What else is in the House bill that passed?

The continuing excellent coverage from EdWeek gives the rest of what is in the House bill (that passed 221-207, with 12 Republicans voting against):

States would no longer have to set specific goals for student achievement, either for all kids or for specific often-overlooked groups of students (such as students in special education and English-language learners).
When it comes to money, the bill would lock in the across-the-board cuts to federal spending (including education) put in place under "sequestration." That was a key Democratic talking point during floor debate.
And the bill would turn the Title I program for disadvantaged kids into a giant "block grant" of sorts, giving school districts the freedom to move federal dollars among programs for ELLs, neglected and delinquent children, rural students, and Indian children...
the measure would get rid of "maintenance of effort", the wonky name for the requirement that school districts and states keep up their own spending at particular levels in order to tap federal funds.

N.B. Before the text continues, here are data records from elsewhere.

inductive sd :: "('f \<Rightarrow> 'i) \<Rightarrow> ('f \<Rightarrow> nat) \<Rightarrow> 'f set \<Rightarrow> (('n, 'v, 'f) trm \<times> ('n, 'v, 'f) trm) set
                 \<Rightarrow> ('n, 'v, 'f) trm set \<Rightarrow> ('n, 'v, 'f) trm \<Rightarrow> bool"
  for th ar ACs R where
  idE: "nseq ACs R \<Gamma> M \<Longrightarrow> (M, C) \<in> eqE ACs R \<Longrightarrow> C \<in> ectx th ar i \<Gamma>
        \<Longrightarrow> sd th ar ACs R \<Gamma> M"
| cut: "nseq ACs R \<Gamma> T \<Longrightarrow> sd th ar ACs R \<Gamma> M \<Longrightarrow> sd th ar ACs R (insert M \<Gamma>) T
        \<Longrightarrow> sd th ar ACs R \<Gamma> T"
| pL: "nseq ACs R \<Gamma> T \<Longrightarrow> Pair M N \<in> \<Gamma> \<Longrightarrow> sd th ar ACs R (\<Gamma> \<union> {M, N}) T
       \<Longrightarrow> sd th ar ACs R \<Gamma> T"
| pR: "nseq ACs R \<Gamma> (Pair M N) \<Longrightarrow> sd th ar ACs R \<Gamma> M \<Longrightarrow> sd th ar ACs R \<Gamma> N
       \<Longrightarrow> sd th ar ACs R \<Gamma> (Pair M N)"
| eL: "nseq ACs R \<Gamma> N \<Longrightarrow> Enc M K \<in> \<Gamma> \<Longrightarrow> sd th ar ACs R \<Gamma> K
       \<Longrightarrow> sd th ar ACs R (\<Gamma> \<union> {M, K}) N \<Longrightarrow> sd th ar ACs R \<Gamma> N"
| eR: "nseq ACs R \<Gamma> (Enc M K) \<Longrightarrow> sd th ar ACs R \<Gamma> M \<Longrightarrow> sd th ar ACs R \<Gamma> K
       \<Longrightarrow> sd th ar ACs R \<Gamma> (Enc M K)"
| signL: "nseq ACs R \<Gamma> N \<Longrightarrow> Sign M K \<in> \<Gamma> \<Longrightarrow> Pub L \<in> \<Gamma> \<Longrightarrow> (K, L) \<in> acq ACs
          \<Longrightarrow> sd th ar ACs R (insert M \<Gamma>) N \<Longrightarrow> sd th ar ACs R \<Gamma> N"
| signR: "nseq ACs R \<Gamma> (Sign M K) \<Longrightarrow> sd th ar ACs R \<Gamma> M \<Longrightarrow> sd th ar ACs R \<Gamma> K
          \<Longrightarrow> sd th ar ACs R \<Gamma> (Sign M K)"
| blindL1: "nseq ACs R \<Gamma> N \<Longrightarrow> Blind M K \<in> \<Gamma> \<Longrightarrow> sd th ar ACs R \<Gamma> K
            \<Longrightarrow> sd th ar ACs R (\<Gamma> \<union> {M, K}) N \<Longrightarrow> sd th ar ACs R \<Gamma> N"
| blindR: "nseq ACs R \<Gamma> (Blind M K) \<Longrightarrow> sd th ar ACs R \<Gamma> M \<Longrightarrow> sd th ar ACs R \<Gamma> K
           \<Longrightarrow> sd th ar ACs R \<Gamma> (Blind M K)"
| blindL2: "nseq ACs R \<Gamma> N \<Longrightarrow> Sign (Blind M Rr) K \<in> \<Gamma> \<Longrightarrow> sd th ar ACs R \<Gamma> Rr
            \<Longrightarrow> sd th ar ACs R (\<Gamma> \<union> {Sign M K, Rr}) N \<Longrightarrow> sd th ar ACs R \<Gamma> N"
| gs: "nseq ACs R \<Gamma> M \<Longrightarrow> A \<in> guarded_subterms (insert M \<Gamma>) \<Longrightarrow> sd th ar ACs R \<Gamma> A
       \<Longrightarrow> sd th ar ACs R (insert A \<Gamma>) M \<Longrightarrow> sd th ar ACs R \<Gamma> M"
| cs: "nseq ACs R \<Gamma> M \<Longrightarrow> N \<in> (\<Union>t\<in>insert M \<Gamma>. cross_subterms th t) \<Longrightarrow> sd th ar ACs R \<Gamma> N
       \<Longrightarrow> sd th ar ACs R (insert N \<Gamma>) M \<Longrightarrow> sd th ar ACs R \<Gamma> M"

AASA and other groups unsuccessfully tried to persuade lawmakers to allow for votes on amendments to reinstate maintenance of effort, but to no avail.
But, under the bill, states would have to set-aside 3 percent of their Title I funds for a competitive grant program that would allow districts to offer school choice or free tutoring.
The bill also would prohibit the U.S. Secretary of Education from imposing any conditions on states when it comes to standards and assessments, or from asking for any changes to state standards. (That appears to take direct aim at the requirement under waivers for states to adopt college- and career-ready standards.) And in fact, the bill specifically calls out the Common Core State Standards, which have been adopted by 46 states and the District of Columbia.
There are also no renewals for any of the Obama administration's favorite grant programs, including Race to the Top, Investing in Innovation, the School Improvement Grants, or Promise Neighborhoods.
The Senate has passed a bill out of committee, but there's no word on when (if it all) it will come to the floor.